In October 2020, the United Nations Support Mission in Libya (UNSMIL) facilitated the first round of the Libyan Political Dialogue Forum (LPDF). The LPDF was created to “generate consensus on a unified governance framework” among its inclusive and diverse 74-member delegation, comprised of representatives from across Libya, including members of the HoR, High Council of State (HCS), and civil society. Members voted on electoral lists consisting of a prime minister and a separate 3-member Presidential Council, with each candidate representing one of Libya’s three historic provinces—Tripolitania, Cyrenaica, and Fezzan.
In February 2021, after two rounds of voting, the LPDF selected a new executive council, creating the interim GNU. The LPDF elected Abdelhamid Dbeibah, a wealthy businessman and former Qadhafi associate, to the role of interim prime minister. Mohamed Menfi was chosen to lead the Presidency Council; the remaining two members of the council are Musa al-Koni, the GNA’s former deputy prime minister, and Abdullah al-Lafi. In March, 132 members of the HoR met to approve of the GNU and its 35-member cabinet. Five days later, the two rival governments peacefully handed over power to the GNU. Despite allegations of vote buying, the legitimacy of the LPDF elections, the GNU, and its mandate have been internationally recognized.

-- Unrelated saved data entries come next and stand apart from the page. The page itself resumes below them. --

(* Let $n \ge 2$ and let $n_1, m_1$ be nonzero integers, and let $\mathcal{P} = \mathcal{P}_n(n_1;m_1)$. Then: (i) there exist integers $n_1', m_1'$ with $1 \le n_1', m_1' \le \lceil n/2 \rceil$ and $\mathcal{P} \simeq_Q \mathcal{P}_n(n_1';m_1')$; (ii) if $n_1 = 1$ or $m_1 = 1$, then $\mathcal{P}_n(n_1;m_1) \simeq_Q \mathcal{P}_n^{\mathrm{std}}$.
   Context: For integers $n_1,m_1$, $\mathcal{P}_n(n_1;m_1) = \langle x, y \mid x^n y^{-2},\ x^{n_1} y x^{m_1} y^{-1} x^{1-n_1} y x^{1-m_1} y^{-1} \rangle$, and $\mathcal{P}_n^{\mathrm{std}} = \langle x,y \mid x^ny^{-2}, xyxy^{-1}\rangle$. Two finite presentations on the same generators are $Q$-equivalent ($\simeq_Q$) if related by a finite sequence of the moves: replace a relator $r_i$ by $r_ir_j$ ($j\neq i$); replace $r_i$ by $r_i^{-1}$; replace $r_i$ by $wr_iw^{-1}$ for some $w$ in the free group on the generators. *)

theory Defs
  imports Complex_Main
begin

datatype gen = X | Y

text \<open>A letter is (inverted?, generator); (False, g) is g, (True, g) is g^-1.\<close>
type_synonym letter = "bool \<times> gen"
type_synonym word = "letter list"

fun red :: "word \<Rightarrow> word" where
  "red [] = []"
| "red (a # w) = (case red w of
      [] \<Rightarrow> [a]
    | b # w' \<Rightarrow> (if fst b \<noteq> fst a \<and> snd b = snd a then w' else a # b # w'))"

definition fmul :: "word \<Rightarrow> word \<Rightarrow> word" where
  "fmul u v = red (u @ v)"

definition finv :: "word \<Rightarrow> word" where
  "finv w = rev (map (\<lambda>(b, g). (\<not> b, g)) w)"

definition gpow :: "gen \<Rightarrow> int \<Rightarrow> word" where
  "gpow g k = (if 0 \<le> k then replicate (nat k) (False, g) else replicate (nat (- k)) (True, g))"

text \<open>Relators as (reduced) elements of the free group on x, y; a presentation on
  the generators x, y is the list of its relators.\<close>
definition P_n :: "nat \<Rightarrow> int \<Rightarrow> int \<Rightarrow> word list" where
  "P_n n n1 m1 =
    [ red (gpow X (int n) @ gpow Y (-2)),
      red (gpow X n1 @ gpow Y 1 @ gpow X m1 @ gpow Y (-1) @ gpow X (1 - n1)
           @ gpow Y 1 @ gpow X (1 - m1) @ gpow Y (-1)) ]"

definition P_std :: "nat \<Rightarrow> word list" where
  "P_std n =
    [ red (gpow X (int n) @ gpow Y (-2)),
      red (gpow X 1 @ gpow Y 1 @ gpow X 1 @ gpow Y (-1)) ]"

definition qmove :: "word list \<Rightarrow> word list \<Rightarrow> bool" where
  "qmove rs rs' \<longleftrightarrow>
     (\<exists>i j. i < length rs \<and> j < length rs \<and> i \<noteq> j \<and> rs' = rs[i := fmul (rs ! i) (rs ! j)])
   \<or> (\<exists>i. i < length rs \<and> rs' = rs[i := finv (rs ! i)])
   \<or> (\<exists>i w. i < length rs \<and> rs' = rs[i := fmul (fmul w (rs ! i)) (finv w)])"

definition Q_equiv :: "word list \<Rightarrow> word list \<Rightarrow> bool" (infix "\<simeq>\<^sub>Q" 50) where
  "Q_equiv rs rs' \<longleftrightarrow> qmove\<^sup>*\<^sup>* rs rs'"

end

(*
  Q-moves can multiply the second relator s of a presentation [r, s] by conjugates of r^(+-1)
  and can conjugate s; hence [r, s] and [r, s'] are Q-equivalent as soon as a conjugate of s
  agrees with s' modulo the normal closure of r. Modulo the normal closure of x^n y^-2, x^n
  equals y^2 and is therefore central. Centrality of x^n allows shifting n1 and m1 by multiples
  of n, and conjugating by x^(1-m1) y, using twice that y^2 is central, turns the relator for
  (n1, m1) into the one for (1 - m1, n1). Up to the order of the parameters, iterating this
  rotation replaces either parameter k by 1 - k; since the residues of k and 1 - k in {1..n}
  add up to n + 1, one of them is at most ceil(n/2). For n1 = 1 the second relator reduces
  freely to x y x y^-1, and (n1, 1) rotates to (1, 1 - n1).
*)
theory Submission
  imports Defs
begin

The LPDF created the GNU as an interim government with a specific, limited mandate. The chief role of the GNU was to reunify national institutions, including the army and the central bank, and to oversee the elections that had been set for December 2021, after which its mandate would end. However, two days before the elections were set to take place, the presidential elections were postponed, after the High National Election Commission (HNEC), tasked with the technical registration and implementation of elections, announced its inability to carry out its mandate. Following the postponements of the December elections, the HoR announced that it no longer recognized the legitimacy of the GNU, though the UN continued to recognize the GNU’s mandate.
|Were the current national legislative representatives elected through free and fair elections?||0.000 4.004|
Under the 2015 Libyan Political Agreement (LPA), the unicameral, 200-seat HoR was to remain in place as the interim legislature. The agreement also created the HCS, a secondary consultative body composed of some members of the rival General National Congress (GNC). However, the HoR never formally approved the LPA’s provisions or recognized the GNA.
Members of the HoR were elected in 2014 in polls that were marked by violence and drew the participation of only about 15 percent of the electorate. Its mandate formally expired in 2015; while it unilaterally extended its tenure, it has rarely achieved a quorum in practice. Following the launch of Haftar’s offensive against Tripoli in 2019, the HoR became further divided, with members opposed to the campaign meeting in Tripoli and other members continuing to meet in Tubruk. There were attempts to reunify the body in the context of the LPDF process in late 2020, but the dispute remained unresolved.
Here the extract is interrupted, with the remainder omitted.